### Assignment
The output should be all lines of the entries below in which the word "gchoose" occurs.
(Provided records)
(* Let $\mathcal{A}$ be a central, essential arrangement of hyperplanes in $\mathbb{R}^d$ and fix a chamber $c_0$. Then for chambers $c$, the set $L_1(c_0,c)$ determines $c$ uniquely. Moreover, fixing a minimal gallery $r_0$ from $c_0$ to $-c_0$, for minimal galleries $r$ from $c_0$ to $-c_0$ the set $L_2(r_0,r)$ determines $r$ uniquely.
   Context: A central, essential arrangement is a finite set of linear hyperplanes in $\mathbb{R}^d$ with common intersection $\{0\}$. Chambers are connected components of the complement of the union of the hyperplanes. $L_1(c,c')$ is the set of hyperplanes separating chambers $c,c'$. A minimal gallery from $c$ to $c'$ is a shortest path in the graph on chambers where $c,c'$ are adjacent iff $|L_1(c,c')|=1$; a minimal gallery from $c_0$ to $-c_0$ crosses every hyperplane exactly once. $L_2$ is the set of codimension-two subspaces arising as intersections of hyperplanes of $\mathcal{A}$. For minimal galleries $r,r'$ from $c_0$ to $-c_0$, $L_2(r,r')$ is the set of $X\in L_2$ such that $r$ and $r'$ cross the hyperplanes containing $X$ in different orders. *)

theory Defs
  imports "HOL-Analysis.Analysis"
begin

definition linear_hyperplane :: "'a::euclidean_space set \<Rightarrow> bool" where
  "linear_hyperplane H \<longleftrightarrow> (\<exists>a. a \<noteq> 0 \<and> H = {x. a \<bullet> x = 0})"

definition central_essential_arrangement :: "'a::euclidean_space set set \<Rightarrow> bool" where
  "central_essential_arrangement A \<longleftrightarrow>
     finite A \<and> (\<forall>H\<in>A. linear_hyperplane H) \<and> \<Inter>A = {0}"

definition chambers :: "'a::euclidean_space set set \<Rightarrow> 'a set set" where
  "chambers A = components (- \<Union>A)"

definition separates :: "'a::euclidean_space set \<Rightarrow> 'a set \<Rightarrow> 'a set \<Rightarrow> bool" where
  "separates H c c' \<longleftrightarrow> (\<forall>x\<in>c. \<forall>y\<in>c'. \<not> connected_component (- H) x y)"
(End Provided records)
(Provided records)
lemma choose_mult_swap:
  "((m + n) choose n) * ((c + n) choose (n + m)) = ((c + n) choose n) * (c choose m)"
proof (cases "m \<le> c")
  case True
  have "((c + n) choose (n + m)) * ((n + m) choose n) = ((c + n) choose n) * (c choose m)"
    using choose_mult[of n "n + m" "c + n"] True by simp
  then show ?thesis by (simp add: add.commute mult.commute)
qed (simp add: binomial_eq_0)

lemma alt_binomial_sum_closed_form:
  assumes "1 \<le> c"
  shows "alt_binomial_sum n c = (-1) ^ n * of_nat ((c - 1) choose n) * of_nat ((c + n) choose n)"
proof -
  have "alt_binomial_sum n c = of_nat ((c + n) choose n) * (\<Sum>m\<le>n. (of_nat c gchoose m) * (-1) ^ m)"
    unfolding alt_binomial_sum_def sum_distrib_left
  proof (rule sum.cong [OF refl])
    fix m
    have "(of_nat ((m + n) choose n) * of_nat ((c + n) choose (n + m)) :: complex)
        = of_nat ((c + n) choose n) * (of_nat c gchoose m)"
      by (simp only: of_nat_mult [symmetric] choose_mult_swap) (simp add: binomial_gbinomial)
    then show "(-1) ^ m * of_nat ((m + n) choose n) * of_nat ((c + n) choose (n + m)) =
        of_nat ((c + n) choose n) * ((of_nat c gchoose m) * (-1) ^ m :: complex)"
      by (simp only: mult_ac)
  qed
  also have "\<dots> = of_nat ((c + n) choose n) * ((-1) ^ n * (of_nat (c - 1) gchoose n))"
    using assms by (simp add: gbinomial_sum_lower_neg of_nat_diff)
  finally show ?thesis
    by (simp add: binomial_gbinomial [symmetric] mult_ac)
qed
(End Provided records)
### Problem solution
  have "alt_binomial_sum n c = of_nat ((c + n) choose n) * (\<Sum>m\<le>n. (of_nat c gchoose m) * (-1) ^ m)"
        = of_nat ((c + n) choose n) * (of_nat c gchoose m)"
        of_nat ((c + n) choose n) * ((of_nat c gchoose m) * (-1) ^ m :: complex)"
  also have "\<dots> = of_nat ((c + n) choose n) * ((-1) ^ n * (of_nat (c - 1) gchoose n))"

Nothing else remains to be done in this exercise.